Note that elements beyond the length of the original array are not written. Do the above modifications to the input array in place and do not return anything.
Example 1:
Input: arr = [1,0,2,3,0,4,5,0]
Output: [1,0,0,2,3,0,0,4]
Explanation: After calling your function, the input array is modified to: [1,0,0,2,3,0,0,4]
Example 2:
Input: arr = [1,2,3]
Output: [1,2,3]
Explanation: After calling your function, the input array is modified to: [1,2,3]
Constraints:
1 <= arr.length <= 10**40 <= arr[i] <= 9
Hint 1
This is a great introductory problem for understanding and working with the concept of in-place operations. The problem statement clearly states that we are to modify the array in-place. That does not mean we cannot use another array. We just don't have to return anything.
Hint 2
A better way to solve this would be without using additional space. The only reason the problem statement allows you to make modifications in place is that it hints at avoiding any additional memory.
Hint 3
The main problem with not using additional memory is that we might override elements due to the zero duplication requirement of the problem statement. How do we get around that?
Hint 4
If we had enough space available, we would be able to accommodate all the elements properly. The new length would be the original length of the array plus the number of zeros. Can we use this information somehow to solve the problem?
題目翻譯
給定一個整數陣列 nums,然後當發現 0 值時就複製兩個值,將後面的元素向後挪移。如果超出原本陣列長度的元素就直接拋棄。
解法解析
這題的解法使用的兩個迴圈處理,第一個迴圈用來找出 0 的數量。
// 遍歷全部
for (let i = 0; i <= length_; i++) {
// 當現在的索引 i + possibleDups > 總長 length_ 的會就中斷
// 因為後續的元素會被拋棄,所以不需要考慮
if (i > length_ - possibleDups) {
break;
}
if (arr[i] === 0) {
// 當索引是最後一位時,做處理
if (i === length_ - possibleDups) {
arr[length_] = 0;
length_--;
break;
}
// 紀錄個數
possibleDups++;
}
}
所以經過上面的處理後原本陣列 arr = [1, 0, 2] 的長度,其實只需要處理 2 個長度而已。容後第二個迴圈從後面往前走,每次遞減 possibleDups。
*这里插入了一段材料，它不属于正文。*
lemma not_simple_of_proper_quotient:
  fixes X Y :: "'a set"
  assumes "ybe_solution Y s" and "solution_hom X r Y s f" and "f ` X = Y"
    and "\<not> inj_on f X" and "a \<in> Y" and "b \<in> Y" and "a \<noteq> b"
  shows "\<not> simple_solution X r"
proof
  assume "simple_solution X r"
  then have "\<exists>c. Y = {c}"
    using assms(1-4) unfolding simple_solution_def bij_betw_def by blast
  then show False
    using assms(5-7) by blast
qed

lemma six_eq_zero: "(6::6) = 0"
  by simp

lemma ex_of_nat_6: "\<exists>n. (of_nat n :: 6) = z"
proof (cases z rule: bit0_cases)
  case (of_int w)
  then have "(of_nat (nat w) :: 6) = z" by simp
  then show ?thesis by blast
qed

lemma jj_commute: "jj (a - b) = jj (b - a)"
  by (simp add: jj_def)

lemma three_mult_jj: "3 * jj t = 3"
  by (simp add: jj_def)

definition sig6_inv :: "6 \<times> 6 \<Rightarrow> 6 \<times> 6 \<Rightarrow> 6 \<times> 6" where
  "sig6_inv = (\<lambda>(i, j) (a, b). (a - j, b + jj (a - i)))"

lemma sig6_apply: "sig6 (i, j) (k, l) = (k + j, l - jj (k + j - i))"
  by (simp add: sig6_def)

lemma sig6_inv_apply: "sig6_inv (i, j) (a, b) = (a - j, b + jj (a - i))"
  by (simp add: sig6_inv_def)

lemma sig6_sig6_inv: "sig6 x (sig6_inv x y) = y"
  by (cases x; cases y) (simp add: sig6_def sig6_inv_def)

lemma sig6_inv_sig6: "sig6_inv x (sig6 x y) = y"
  by (cases x; cases y) (simp add: sig6_def sig6_inv_def)

lemma bij_sig6: "bij (sig6 x)"
  by (metis bij_def injI surjI sig6_sig6_inv sig6_inv_sig6)

lemma r6_eq: "r6 = (\<lambda>(x, y). (sig6 x y, sig6_inv (sig6 x y) x))"
proof -
  have "inv (sig6 x) = sig6_inv x" for x
    by (rule inv_equality) (simp_all add: sig6_sig6_inv sig6_inv_sig6)
  then show ?thesis by (simp add: r6_def)
qed

lemma ybe_sigma_r6: "ybe_sigma r6 x = sig6 x"
  by (rule ext) (simp add: ybe_sigma_def r6_eq)

lemma ybe_gamma_r6_apply:
  "ybe_gamma r6 (k, l) (a, b) = (a - l + jj (k + b - a), b + jj (k + b - a))"
  using jj_commute[of a "k + b"]
  by (simp add: ybe_gamma_def r6_eq sig6_apply sig6_inv_apply algebra_simps)

text \<open>Both sides send (m,n) to (m+l+j, n - j_(m+l-k) - j_(m+l+j-i)).\<close>
lemma sig6_law:
  "sig6 x (sig6 y z) = sig6 (sig6 x y) (sig6 (sig6_inv (sig6 x y) x) z)"
proof -
  obtain i j k l m n where xyz: "x = (i, j)" "y = (k, l)" "z = (m, n)"
    by (cases x; cases y; cases z)
  define t where "t = jj (k + j - i)"
  have xy: "sig6 x y = (k + j, l - t)"
    by (simp add: xyz sig6_apply t_def)
  have xy_inv: "sig6_inv (k + j, l - t) x = (i - l + t, j + t)"
    using jj_commute[of i "k + j"] by (simp add: xyz sig6_inv_apply t_def algebra_simps)
  have "m + (j + t) - (i - l + t) = m + l + j - i"
    and "m + (j + t) + (l - t) = m + l + j" and "m + l + j - (k + j) = m + l - k"
    by (simp_all add: algebra_simps)
  then have "sig6 (sig6 x y) (sig6 (sig6_inv (sig6 x y) x) z)
      = (m + l + j, n - jj (m + l + j - i) - jj (m + l - k))"
    unfolding xy xy_inv by (simp only: xyz sig6_apply)
  moreover have "sig6 x (sig6 y z) = (m + l + j, n - jj (m + l - k) - jj (m + l + j - i))"
    by (simp add: xyz sig6_apply add.assoc add.commute[of j l])
  ultimately show ?thesis
    by (simp add: algebra_simps)
qed

text \<open>From gamma_y (i,j) one reads off j - i, hence j_(k+j-i), hence (i,j).\<close>
lemma inj_ybe_gamma_r6: "inj (ybe_gamma r6 y)"
proof (rule injI)
  fix x x' assume eq: "ybe_gamma r6 y x = ybe_gamma r6 y x'"
  obtain i j i' j' k l where ijkl: "x = (i, j)" "x' = (i', j')" "y = (k, l)"
    by (cases x; cases x'; cases y)
  have e1: "i - l + jj (k + j - i) = i' - l + jj (k + j' - i')"
    and e2: "j + jj (k + j - i) = j' + jj (k + j' - i')"
    using eq by (simp_all add: ijkl ybe_gamma_r6_apply)
  have "j - i = (j + jj (k + j - i)) - (i - l + jj (k + j - i)) - l"
    by (simp add: algebra_simps)
  also have "\<dots> = j' - i'"
    by (simp only: e1 e2) (simp add: algebra_simps)
  finally have "k + j - i = k + j' - i'"
    by (simp add: algebra_simps)
  then have "jj (k + j - i) = jj (k + j' - i')"
    by (rule arg_cong)
  then show "x = x'"
    using e1 e2 by (simp add: ijkl)
qed

lemma ybe_solution_r6: "ybe_solution (UNIV :: (6 \<times> 6) set) r6"
proof -
  have "bij (ybe_gamma r6 y)" for y
    using inj_ybe_gamma_r6 finite_UNIV_inj_surj[of "ybe_gamma r6 y"] by (simp add: bij_def)
  then show ?thesis
    unfolding ybe_solution_def
    using braid_of_sigma_law[OF sig6_sig6_inv sig6_inv_sig6 sig6_law r6_eq]
      involutive_of_sigma[OF sig6_sig6_inv sig6_inv_sig6 r6_eq]
    by (simp add: ybe_sigma_r6 bij_sig6)
qed

lemma orbit_rel_r6_down: "orbit_rel UNIV r6 x (k, l) \<Longrightarrow> orbit_rel UNIV r6 x (k, l - of_nat n)"
proof (induction n)
  case (Suc n)
  have "sig6 (k, 0) (k, l - of_nat n) = (k, l - of_nat (Suc n))"
    by (simp add: sig6_apply jj_def algebra_simps)
  then show ?case
    using orbit_rel_sigma[OF Suc.IH[OF Suc.prems], of "(k, 0)"] by (simp add: ybe_sigma_r6)
qed simp

lemma orbit_rel_r6_diag:
  "orbit_rel UNIV r6 x (k, l) \<Longrightarrow> orbit_rel UNIV r6 x (k + of_nat n, l - of_nat n)"
proof (induction n)
  case (Suc n)
  have "sig6 (k + of_nat n + 1, 1) (k + of_nat n, l - of_nat n)
      = (k + of_nat (Suc n), l - of_nat (Suc n))"
    by (simp add: sig6_apply jj_def algebra_simps)
  then show ?case
    using orbit_rel_sigma[OF Suc.IH[OF Suc.prems], of "(k + of_nat n + 1, 1)"]
    by (simp add: ybe_sigma_r6)
qed simp

lemma indecomposable_r6: "indecomposable UNIV r6"
  unfolding indecomposable_def orbit_rel_def[symmetric]
proof (intro ballI)
  fix x y :: "6 \<times> 6"
  obtain k l k' l' where kl: "x = (k, l)" "y = (k', l')"
    by (cases x; cases y)
  obtain n :: nat where n: "of_nat n = k' - k"
    using ex_of_nat_6 by blast
  obtain m :: nat where m: "of_nat m = l - of_nat n - l'"
    using ex_of_nat_6 by blast
  have "orbit_rel UNIV r6 x (k + of_nat n, l - of_nat n - of_nat m)"
    using orbit_rel_r6_down[OF orbit_rel_r6_diag[OF orbit_rel_refl[of _ _ x, unfolded kl(1)]]]
    by (simp add: kl)
  then show "orbit_rel UNIV r6 x y"
    by (simp add: n m kl)
qed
const last = length_ - possibleDups;
for (let i = last; i >= 0; i--) {
arr[i + possibleDups] = arr[i];
if (arr[i] === 0) {
possibleDups--;
arr[i + possibleDups] = arr[i];
}
}
解法範例
Go
func duplicateZeros(arr []int) {
var possibleDups, length_ int = 0, len(arr) - 1
for i := 0; i <= length_; i++ {
if i > length_-possibleDups {
break
}
if arr[i] == 0 {
if i == length_-possibleDups {
arr[length_] = 0
length_--
break
}
possibleDups++
}
}
var last int = length_ - possibleDups
for i := last; i >= 0; i-- {
arr[i+possibleDups] = arr[i]
if arr[i] == 0 {
possibleDups--
arr[i+possibleDups] = arr[i]
}
}
}
JavaScript
/**
* @param {number[]} arr
* @return {void} Do not return anything, modify arr in-place instead.
*/
var duplicateZeros = function (arr) {
let possibleDups = 0,
length_ = arr.length - 1;
for (let i = 0; i <= length_; i++) {
if (i > length_ - possibleDups) {
break;
}
if (arr[i] === 0) {
if (i === length_ - possibleDups) {
arr[length_] = 0;
length_--;
break;
}
possibleDups++;
}
}
const last = length_ - possibleDups;
for (let i = last; i >= 0; i--) {
arr[i + possibleDups] = arr[i];
if (arr[i] === 0) {
possibleDups--;
arr[i + possibleDups] = arr[i];
}
}
};
Kotlin
class Solution {
fun duplicateZeros(arr: IntArray): Unit {
var possibleDups: Int = 0
var length_: Int = arr.size - 1
for (i in 0..length_) {
if (i > length_ - possibleDups) {
break
}
if (arr[i] == 0) {
if (i == length_ - possibleDups) {
arr[length_] = 0
length_--
break
}
possibleDups++
}
}
val last = length_ - possibleDups
for (i in last downTo 0) {
arr[i + possibleDups] = arr[i]
if (arr[i] == 0) {
possibleDups--
arr[i + possibleDups] = arr[i]
}
}
}
}
PHP
class Solution
{
/**
* @param Integer[] $arr
* @return NULL
*/
function duplicateZeros(&$arr)
{
$possibleDups = 0;
$length_ = count($arr) - 1;
for ($i = 0; $i <= $length_; $i++) {
if ($i > $length_ - $possibleDups) {
break;
}
if ($arr[$i] == 0) {
if ($i == $length_ - $possibleDups) {
$arr[$length_] = 0;
$length_--;
break;
}
$possibleDups++;
}
}
$last = $length_ - $possibleDups;
for ($i = $last; $i >= 0; $i--) {
$arr[$i + $possibleDups] = $arr[$i];
if ($arr[$i] == 0) {
$possibleDups--;
$arr[$i + $possibleDups] = $arr[$i];
}
}
}
}
Python
class Solution:
def duplicateZeros(self, arr: List[int]) -> None:
"""
Do not return anything, modify arr in-place instead.
"""
possible_dups = 0
length_ = len(arr) - 1
# Find the number of zeros to be duplicated
for left in range(length_ + 1):
# Stop when left points beyond the last element in the original list
# which would be part of the modified list
if left > length_ - possible_dups:
break
# Count the zeros
if arr[left] == 0:
# Edge case: This zero can't be duplicated. We have no more space,
# as left is pointing to the last element which could be included
if left == length_ - possible_dups:
arr[
length_
] = 0 # For this zero we just copy it without duplication.
length_ -= 1
break
possible_dups += 1
# Start backwards from the last element which would be part of new list.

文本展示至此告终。